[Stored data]
^^^^

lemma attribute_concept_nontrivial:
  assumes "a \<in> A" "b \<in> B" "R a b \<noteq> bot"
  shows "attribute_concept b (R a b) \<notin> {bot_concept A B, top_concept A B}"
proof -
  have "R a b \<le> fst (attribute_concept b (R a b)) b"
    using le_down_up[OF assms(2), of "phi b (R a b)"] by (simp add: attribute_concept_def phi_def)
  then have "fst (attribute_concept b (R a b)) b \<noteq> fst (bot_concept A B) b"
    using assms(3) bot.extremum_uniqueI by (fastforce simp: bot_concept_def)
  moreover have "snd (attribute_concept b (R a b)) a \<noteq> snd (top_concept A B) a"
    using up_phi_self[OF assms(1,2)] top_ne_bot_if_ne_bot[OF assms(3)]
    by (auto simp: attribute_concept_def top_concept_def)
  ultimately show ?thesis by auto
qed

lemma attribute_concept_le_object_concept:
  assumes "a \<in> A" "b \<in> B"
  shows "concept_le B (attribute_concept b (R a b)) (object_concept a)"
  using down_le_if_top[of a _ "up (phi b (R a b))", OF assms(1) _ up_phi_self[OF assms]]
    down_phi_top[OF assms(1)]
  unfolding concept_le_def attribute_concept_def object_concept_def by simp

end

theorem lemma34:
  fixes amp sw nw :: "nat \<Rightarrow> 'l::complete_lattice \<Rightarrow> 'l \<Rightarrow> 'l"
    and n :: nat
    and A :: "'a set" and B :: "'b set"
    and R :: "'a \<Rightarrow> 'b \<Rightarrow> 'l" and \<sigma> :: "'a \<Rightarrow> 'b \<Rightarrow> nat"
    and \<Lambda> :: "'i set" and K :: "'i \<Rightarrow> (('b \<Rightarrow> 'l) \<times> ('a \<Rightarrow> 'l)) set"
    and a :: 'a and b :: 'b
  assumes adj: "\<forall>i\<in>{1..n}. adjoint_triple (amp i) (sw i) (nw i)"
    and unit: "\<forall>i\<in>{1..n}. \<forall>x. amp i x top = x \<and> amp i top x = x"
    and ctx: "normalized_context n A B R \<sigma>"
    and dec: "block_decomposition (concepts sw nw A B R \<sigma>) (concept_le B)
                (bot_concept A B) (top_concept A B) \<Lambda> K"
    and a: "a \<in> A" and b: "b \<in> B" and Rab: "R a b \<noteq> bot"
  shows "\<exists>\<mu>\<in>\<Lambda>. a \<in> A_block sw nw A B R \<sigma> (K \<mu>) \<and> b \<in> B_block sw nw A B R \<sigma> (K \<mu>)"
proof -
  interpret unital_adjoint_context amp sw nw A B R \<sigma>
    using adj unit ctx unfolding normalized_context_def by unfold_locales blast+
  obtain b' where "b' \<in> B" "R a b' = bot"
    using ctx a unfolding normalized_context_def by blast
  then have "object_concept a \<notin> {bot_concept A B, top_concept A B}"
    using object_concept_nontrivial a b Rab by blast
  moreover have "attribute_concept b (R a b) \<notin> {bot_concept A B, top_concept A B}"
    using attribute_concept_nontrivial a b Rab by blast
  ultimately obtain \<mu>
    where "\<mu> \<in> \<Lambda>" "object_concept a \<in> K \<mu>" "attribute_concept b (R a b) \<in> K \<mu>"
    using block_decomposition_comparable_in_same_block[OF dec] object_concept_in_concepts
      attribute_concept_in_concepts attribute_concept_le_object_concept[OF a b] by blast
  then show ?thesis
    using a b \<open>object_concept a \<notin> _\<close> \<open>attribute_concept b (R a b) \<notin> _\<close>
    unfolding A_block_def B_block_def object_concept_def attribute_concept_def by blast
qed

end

^^^^

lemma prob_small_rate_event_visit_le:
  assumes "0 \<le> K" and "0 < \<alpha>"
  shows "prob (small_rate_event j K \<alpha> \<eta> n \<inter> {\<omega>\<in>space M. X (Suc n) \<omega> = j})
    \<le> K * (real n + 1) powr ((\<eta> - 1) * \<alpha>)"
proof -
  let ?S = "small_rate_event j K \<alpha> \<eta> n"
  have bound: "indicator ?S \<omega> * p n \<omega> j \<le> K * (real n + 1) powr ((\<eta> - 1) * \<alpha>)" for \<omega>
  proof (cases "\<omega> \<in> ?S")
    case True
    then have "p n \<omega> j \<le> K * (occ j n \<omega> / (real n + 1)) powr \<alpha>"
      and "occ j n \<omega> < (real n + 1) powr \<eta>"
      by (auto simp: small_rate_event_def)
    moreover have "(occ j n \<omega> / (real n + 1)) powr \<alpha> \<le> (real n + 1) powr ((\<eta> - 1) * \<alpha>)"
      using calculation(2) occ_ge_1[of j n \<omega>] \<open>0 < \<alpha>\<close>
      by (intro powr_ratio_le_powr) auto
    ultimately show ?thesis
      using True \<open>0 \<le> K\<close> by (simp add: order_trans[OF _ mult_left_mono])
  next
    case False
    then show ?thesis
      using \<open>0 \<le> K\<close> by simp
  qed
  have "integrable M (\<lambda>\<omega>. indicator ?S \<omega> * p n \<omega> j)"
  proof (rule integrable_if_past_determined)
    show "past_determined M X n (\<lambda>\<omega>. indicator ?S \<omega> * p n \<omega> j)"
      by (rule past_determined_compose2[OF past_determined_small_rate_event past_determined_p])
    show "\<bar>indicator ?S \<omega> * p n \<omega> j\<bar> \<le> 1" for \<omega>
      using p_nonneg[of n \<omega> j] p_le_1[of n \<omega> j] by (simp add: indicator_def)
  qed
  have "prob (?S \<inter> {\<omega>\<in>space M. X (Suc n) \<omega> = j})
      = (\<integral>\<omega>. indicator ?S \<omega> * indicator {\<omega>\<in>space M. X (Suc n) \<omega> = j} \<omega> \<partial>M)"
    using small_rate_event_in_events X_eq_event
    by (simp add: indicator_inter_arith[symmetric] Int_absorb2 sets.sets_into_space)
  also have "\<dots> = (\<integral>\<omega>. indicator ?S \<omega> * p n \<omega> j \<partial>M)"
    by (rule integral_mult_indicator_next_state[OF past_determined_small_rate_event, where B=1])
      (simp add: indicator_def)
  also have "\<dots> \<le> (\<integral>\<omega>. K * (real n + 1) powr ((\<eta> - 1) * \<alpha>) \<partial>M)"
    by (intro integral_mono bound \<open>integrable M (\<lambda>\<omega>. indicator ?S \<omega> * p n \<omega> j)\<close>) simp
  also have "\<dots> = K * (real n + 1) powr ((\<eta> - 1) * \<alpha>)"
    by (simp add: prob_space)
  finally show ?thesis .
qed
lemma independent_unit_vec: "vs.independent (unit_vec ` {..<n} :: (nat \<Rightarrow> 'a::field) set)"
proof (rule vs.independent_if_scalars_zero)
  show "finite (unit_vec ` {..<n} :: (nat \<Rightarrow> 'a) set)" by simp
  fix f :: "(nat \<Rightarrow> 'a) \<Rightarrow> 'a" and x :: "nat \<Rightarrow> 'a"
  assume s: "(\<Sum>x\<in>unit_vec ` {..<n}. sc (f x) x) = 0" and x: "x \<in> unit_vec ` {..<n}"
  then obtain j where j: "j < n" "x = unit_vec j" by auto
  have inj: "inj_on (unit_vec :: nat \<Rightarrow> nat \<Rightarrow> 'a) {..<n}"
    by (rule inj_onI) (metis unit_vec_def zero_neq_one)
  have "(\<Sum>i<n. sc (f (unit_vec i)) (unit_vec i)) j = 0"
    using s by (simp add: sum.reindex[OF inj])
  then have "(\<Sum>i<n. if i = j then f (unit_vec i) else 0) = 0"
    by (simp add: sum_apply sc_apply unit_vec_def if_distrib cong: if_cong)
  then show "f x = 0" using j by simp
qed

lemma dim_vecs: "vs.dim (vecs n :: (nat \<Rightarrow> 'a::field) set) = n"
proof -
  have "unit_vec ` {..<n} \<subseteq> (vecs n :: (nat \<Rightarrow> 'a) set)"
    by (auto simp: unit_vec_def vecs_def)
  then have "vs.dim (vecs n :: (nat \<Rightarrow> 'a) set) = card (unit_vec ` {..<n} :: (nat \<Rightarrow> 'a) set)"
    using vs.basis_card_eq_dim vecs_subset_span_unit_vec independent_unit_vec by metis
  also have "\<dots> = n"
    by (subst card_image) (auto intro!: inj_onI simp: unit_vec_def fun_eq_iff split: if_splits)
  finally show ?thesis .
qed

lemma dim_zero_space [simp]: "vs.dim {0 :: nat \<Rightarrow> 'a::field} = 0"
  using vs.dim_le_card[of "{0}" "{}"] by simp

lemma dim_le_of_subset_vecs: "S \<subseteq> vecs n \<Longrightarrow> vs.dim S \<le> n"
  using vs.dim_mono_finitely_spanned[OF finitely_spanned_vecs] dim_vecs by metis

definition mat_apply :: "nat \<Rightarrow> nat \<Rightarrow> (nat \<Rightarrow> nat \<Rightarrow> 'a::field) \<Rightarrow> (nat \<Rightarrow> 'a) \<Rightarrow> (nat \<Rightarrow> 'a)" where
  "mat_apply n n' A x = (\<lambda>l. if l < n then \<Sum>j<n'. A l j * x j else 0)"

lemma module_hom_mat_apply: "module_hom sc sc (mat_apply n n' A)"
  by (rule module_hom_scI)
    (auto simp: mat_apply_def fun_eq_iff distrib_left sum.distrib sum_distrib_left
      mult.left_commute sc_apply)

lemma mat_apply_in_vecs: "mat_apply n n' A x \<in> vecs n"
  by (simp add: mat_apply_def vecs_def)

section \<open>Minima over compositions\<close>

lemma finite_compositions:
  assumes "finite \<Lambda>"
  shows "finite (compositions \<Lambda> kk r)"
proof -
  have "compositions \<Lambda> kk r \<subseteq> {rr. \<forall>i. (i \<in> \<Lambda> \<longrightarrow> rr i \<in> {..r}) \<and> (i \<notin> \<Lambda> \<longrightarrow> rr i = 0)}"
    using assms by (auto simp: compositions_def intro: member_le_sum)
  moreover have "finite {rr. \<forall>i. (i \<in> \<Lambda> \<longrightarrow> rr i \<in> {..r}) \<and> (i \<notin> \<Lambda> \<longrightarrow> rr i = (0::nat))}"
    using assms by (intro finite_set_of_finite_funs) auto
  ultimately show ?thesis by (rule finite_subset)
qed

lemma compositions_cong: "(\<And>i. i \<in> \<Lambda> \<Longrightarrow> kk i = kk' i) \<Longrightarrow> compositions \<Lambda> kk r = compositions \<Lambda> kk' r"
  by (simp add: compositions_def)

^^^^

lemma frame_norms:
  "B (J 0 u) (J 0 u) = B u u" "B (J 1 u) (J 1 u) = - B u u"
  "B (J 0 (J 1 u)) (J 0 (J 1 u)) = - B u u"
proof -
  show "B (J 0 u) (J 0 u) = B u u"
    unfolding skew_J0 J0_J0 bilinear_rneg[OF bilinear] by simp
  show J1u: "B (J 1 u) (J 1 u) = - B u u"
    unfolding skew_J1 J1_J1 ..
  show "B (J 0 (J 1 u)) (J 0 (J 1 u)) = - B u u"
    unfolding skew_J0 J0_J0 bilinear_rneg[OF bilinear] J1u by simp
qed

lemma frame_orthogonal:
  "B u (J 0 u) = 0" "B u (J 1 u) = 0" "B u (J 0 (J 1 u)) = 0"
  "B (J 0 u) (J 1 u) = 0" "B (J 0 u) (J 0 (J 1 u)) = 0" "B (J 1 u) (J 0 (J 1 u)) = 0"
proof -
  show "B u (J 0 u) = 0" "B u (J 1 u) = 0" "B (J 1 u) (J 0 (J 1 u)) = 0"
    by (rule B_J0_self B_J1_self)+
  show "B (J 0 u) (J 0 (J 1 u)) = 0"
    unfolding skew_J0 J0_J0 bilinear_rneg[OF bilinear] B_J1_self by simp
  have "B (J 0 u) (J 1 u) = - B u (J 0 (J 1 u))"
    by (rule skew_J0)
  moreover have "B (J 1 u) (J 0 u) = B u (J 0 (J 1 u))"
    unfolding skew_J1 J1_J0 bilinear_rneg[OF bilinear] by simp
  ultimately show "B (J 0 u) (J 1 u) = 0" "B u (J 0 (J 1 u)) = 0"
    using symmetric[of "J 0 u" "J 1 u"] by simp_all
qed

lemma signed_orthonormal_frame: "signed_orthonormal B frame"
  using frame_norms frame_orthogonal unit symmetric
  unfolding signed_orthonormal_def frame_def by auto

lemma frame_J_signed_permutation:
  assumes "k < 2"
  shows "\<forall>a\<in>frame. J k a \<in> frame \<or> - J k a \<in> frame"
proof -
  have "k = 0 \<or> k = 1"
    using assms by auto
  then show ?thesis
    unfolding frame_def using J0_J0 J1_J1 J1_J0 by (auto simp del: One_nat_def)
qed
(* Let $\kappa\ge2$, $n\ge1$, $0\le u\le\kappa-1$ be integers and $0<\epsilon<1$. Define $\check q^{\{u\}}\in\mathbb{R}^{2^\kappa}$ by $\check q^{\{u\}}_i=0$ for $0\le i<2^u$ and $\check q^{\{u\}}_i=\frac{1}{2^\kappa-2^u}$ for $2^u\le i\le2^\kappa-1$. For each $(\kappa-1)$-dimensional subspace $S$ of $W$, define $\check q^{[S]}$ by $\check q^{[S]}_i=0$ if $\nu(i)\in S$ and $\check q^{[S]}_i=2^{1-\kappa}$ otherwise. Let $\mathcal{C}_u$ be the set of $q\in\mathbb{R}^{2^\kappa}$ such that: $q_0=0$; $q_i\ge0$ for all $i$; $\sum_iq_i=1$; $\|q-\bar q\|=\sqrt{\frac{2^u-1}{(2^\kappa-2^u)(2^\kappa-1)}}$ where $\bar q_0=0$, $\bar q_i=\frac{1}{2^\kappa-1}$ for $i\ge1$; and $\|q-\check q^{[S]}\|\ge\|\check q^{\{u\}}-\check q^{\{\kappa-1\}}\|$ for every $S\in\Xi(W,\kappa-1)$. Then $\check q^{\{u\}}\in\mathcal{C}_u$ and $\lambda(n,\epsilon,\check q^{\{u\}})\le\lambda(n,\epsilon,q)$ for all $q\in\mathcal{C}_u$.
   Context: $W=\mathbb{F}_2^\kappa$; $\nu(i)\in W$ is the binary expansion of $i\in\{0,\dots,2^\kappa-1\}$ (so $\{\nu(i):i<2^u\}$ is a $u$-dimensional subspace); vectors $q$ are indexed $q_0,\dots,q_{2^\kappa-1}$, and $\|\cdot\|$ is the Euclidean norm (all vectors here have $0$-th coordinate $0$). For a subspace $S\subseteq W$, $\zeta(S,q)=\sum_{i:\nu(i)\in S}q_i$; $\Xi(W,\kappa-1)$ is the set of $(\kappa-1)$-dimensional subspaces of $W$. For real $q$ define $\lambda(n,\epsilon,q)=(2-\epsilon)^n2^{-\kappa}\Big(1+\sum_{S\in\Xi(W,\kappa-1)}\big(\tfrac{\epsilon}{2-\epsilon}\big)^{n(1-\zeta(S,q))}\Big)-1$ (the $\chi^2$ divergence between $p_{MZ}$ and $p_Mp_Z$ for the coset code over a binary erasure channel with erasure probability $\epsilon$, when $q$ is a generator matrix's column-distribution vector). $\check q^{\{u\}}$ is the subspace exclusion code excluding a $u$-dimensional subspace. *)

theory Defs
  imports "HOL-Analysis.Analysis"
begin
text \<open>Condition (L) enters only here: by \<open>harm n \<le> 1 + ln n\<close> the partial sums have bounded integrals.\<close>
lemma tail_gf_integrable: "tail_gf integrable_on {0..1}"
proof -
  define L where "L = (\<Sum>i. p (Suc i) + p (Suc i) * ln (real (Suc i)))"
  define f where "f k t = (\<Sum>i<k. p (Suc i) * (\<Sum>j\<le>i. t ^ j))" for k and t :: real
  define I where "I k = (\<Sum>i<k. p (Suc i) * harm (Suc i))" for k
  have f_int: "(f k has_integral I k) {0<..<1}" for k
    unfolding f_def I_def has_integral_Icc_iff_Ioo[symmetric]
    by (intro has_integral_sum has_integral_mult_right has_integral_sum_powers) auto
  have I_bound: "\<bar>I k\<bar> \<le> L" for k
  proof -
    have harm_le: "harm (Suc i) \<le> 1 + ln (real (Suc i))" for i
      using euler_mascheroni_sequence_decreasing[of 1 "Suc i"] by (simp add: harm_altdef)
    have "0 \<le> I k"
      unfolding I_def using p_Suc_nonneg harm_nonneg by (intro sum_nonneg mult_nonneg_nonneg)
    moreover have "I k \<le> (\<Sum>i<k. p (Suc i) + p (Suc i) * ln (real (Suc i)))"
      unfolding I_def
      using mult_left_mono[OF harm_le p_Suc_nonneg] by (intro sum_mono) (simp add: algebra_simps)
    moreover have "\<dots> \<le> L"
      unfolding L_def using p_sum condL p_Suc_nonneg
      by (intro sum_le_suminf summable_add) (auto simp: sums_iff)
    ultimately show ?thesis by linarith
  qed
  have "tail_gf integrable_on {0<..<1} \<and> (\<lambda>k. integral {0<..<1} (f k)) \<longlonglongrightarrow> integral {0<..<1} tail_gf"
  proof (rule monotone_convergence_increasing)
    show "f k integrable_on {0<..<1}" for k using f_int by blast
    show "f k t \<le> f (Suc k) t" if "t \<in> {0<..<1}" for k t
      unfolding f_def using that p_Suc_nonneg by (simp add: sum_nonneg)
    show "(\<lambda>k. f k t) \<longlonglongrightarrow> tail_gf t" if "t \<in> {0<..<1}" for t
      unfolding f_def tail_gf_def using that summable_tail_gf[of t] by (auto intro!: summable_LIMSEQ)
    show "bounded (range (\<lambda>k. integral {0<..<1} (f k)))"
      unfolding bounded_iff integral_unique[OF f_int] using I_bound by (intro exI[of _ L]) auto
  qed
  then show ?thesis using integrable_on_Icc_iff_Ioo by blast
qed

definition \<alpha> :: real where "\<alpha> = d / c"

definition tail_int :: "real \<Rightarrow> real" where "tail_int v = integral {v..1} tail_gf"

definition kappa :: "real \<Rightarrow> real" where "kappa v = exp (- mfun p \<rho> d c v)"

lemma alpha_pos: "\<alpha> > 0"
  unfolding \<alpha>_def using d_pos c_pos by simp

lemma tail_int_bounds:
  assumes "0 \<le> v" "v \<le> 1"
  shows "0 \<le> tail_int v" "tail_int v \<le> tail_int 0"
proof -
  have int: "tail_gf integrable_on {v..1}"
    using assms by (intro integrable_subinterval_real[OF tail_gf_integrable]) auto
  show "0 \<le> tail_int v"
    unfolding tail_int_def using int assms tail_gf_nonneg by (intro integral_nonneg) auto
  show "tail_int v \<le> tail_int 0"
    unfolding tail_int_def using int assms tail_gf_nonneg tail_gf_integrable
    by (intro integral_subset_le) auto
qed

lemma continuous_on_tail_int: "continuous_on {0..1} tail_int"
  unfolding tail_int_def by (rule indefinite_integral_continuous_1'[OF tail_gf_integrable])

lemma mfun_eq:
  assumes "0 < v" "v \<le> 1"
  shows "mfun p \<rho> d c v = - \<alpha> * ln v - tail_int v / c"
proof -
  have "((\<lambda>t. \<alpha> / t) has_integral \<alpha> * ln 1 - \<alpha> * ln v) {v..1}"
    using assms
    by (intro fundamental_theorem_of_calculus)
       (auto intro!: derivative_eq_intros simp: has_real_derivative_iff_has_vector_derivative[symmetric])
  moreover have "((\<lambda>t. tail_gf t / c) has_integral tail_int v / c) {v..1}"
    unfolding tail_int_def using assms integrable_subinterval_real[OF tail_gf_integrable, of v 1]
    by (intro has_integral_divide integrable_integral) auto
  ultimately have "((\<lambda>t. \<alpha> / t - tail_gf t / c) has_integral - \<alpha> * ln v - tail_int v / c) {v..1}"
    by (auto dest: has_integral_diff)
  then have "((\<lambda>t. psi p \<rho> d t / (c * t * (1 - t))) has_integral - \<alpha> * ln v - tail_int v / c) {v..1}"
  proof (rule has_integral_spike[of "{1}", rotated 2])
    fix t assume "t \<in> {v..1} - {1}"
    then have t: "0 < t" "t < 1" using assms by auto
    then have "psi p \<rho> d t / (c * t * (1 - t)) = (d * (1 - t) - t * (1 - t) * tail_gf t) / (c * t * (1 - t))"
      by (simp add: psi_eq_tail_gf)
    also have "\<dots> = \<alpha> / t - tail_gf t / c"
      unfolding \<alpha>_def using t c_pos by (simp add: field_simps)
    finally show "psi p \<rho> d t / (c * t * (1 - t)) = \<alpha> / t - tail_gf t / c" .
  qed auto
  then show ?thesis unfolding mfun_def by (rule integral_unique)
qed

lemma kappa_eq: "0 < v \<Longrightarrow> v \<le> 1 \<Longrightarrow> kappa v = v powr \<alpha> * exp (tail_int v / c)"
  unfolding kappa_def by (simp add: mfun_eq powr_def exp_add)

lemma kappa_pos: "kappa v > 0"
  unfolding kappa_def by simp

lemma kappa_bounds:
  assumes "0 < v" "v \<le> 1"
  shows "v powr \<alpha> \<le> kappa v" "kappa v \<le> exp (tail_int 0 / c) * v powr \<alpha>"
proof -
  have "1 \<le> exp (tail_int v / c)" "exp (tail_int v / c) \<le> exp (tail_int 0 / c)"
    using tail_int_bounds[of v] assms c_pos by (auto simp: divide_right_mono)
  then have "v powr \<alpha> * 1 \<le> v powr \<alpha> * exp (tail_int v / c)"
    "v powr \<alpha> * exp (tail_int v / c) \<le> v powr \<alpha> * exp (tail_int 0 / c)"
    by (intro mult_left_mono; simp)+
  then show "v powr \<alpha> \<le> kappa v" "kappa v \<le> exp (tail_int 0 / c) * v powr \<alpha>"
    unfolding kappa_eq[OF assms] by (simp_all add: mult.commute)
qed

^^^^

**Directions:** Looking at the records above, work out how many lines include the word "longlonglongrightarrow", then give that number by itself.

**Response area:** 2